Task description:
Nothing in the entries may be dropped: restate them word for word.

Saved data entries:
------------------------------------------------------------
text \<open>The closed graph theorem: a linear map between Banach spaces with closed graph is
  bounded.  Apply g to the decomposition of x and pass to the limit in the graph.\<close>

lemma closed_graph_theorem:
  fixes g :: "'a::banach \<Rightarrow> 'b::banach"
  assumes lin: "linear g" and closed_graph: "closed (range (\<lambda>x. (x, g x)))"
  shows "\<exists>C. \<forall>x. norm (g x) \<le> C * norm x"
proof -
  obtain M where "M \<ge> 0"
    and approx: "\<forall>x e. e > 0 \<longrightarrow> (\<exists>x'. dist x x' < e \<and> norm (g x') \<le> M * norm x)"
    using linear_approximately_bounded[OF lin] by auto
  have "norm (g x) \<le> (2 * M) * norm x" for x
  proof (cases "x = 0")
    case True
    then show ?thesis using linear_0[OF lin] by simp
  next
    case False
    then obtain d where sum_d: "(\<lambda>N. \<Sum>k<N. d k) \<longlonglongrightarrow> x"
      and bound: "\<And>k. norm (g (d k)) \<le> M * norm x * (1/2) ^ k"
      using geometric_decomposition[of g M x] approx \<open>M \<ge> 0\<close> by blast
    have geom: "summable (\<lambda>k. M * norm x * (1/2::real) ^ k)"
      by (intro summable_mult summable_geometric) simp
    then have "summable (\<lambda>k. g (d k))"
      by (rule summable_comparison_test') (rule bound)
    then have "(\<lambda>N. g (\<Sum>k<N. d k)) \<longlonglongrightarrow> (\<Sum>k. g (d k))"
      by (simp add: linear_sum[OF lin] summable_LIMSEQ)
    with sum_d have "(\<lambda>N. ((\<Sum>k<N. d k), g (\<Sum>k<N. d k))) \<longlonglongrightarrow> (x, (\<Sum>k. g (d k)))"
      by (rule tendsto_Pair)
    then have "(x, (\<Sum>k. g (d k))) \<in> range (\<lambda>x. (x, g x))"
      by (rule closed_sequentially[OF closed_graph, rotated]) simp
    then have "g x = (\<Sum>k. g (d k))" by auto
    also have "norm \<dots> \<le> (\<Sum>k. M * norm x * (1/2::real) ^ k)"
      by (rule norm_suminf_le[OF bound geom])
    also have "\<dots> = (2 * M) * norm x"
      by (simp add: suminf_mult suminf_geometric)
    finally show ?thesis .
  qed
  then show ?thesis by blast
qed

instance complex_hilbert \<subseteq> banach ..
------------------------------------------------------------
Solution to this problem:
text \<open>The closed graph theorem: a linear map between Banach spaces with closed graph is
  bounded.  Apply g to the decomposition of x and pass to the limit in the graph.\<close>

lemma closed_graph_theorem:
  fixes g :: "'a::banach \<Rightarrow> 'b::banach"
  assumes lin: "linear g" and closed_graph: "closed (range (\<lambda>x. (x, g x)))"
  shows "\<exists>C. \<forall>x. norm (g x) \<le> C * norm x"
proof -
  obtain M where "M \<ge> 0"
    and approx: "\<forall>x e. e > 0 \<longrightarrow> (\<exists>x'. dist x x' < e \<and> norm (g x') \<le> M * norm x)"
    using linear_approximately_bounded[OF lin] by auto
  have "norm (g x) \<le> (2 * M) * norm x" for x
  proof (cases "x = 0")
    case True
    then show ?thesis using linear_0[OF lin] by simp
  next
    case False
    then obtain d where sum_d: "(\<lambda>N. \<Sum>k<N. d k) \<longlonglongrightarrow> x"
      and bound: "\<And>k. norm (g (d k)) \<le> M * norm x * (1/2) ^ k"
      using geometric_decomposition[of g M x] approx \<open>M \<ge> 0\<close> by blast
    have geom: "summable (\<lambda>k. M * norm x * (1/2::real) ^ k)"
      by (intro summable_mult summable_geometric) simp
    then have "summable (\<lambda>k. g (d k))"
      by (rule summable_comparison_test') (rule bound)
    then have "(\<lambda>N. g (\<Sum>k<N. d k)) \<longlonglongrightarrow> (\<Sum>k. g (d k))"
      by (simp add: linear_sum[OF lin] summable_LIMSEQ)
    with sum_d have "(\<lambda>N. ((\<Sum>k<N. d k), g (\<Sum>k<N. d k))) \<longlonglongrightarrow> (x, (\<Sum>k. g (d k)))"
      by (rule tendsto_Pair)
    then have "(x, (\<Sum>k. g (d k))) \<in> range (\<lambda>x. (x, g x))"
      by (rule closed_sequentially[OF closed_graph, rotated]) simp
    then have "g x = (\<Sum>k. g (d k))" by auto
    also have "norm \<dots> \<le> (\<Sum>k. M * norm x * (1/2::real) ^ k)"
      by (rule norm_suminf_le[OF bound geom])
    also have "\<dots> = (2 * M) * norm x"
      by (simp add: suminf_mult suminf_geometric)
    finally show ?thesis .
  qed
  then show ?thesis by blast
qed

instance complex_hilbert \<subseteq> banach ..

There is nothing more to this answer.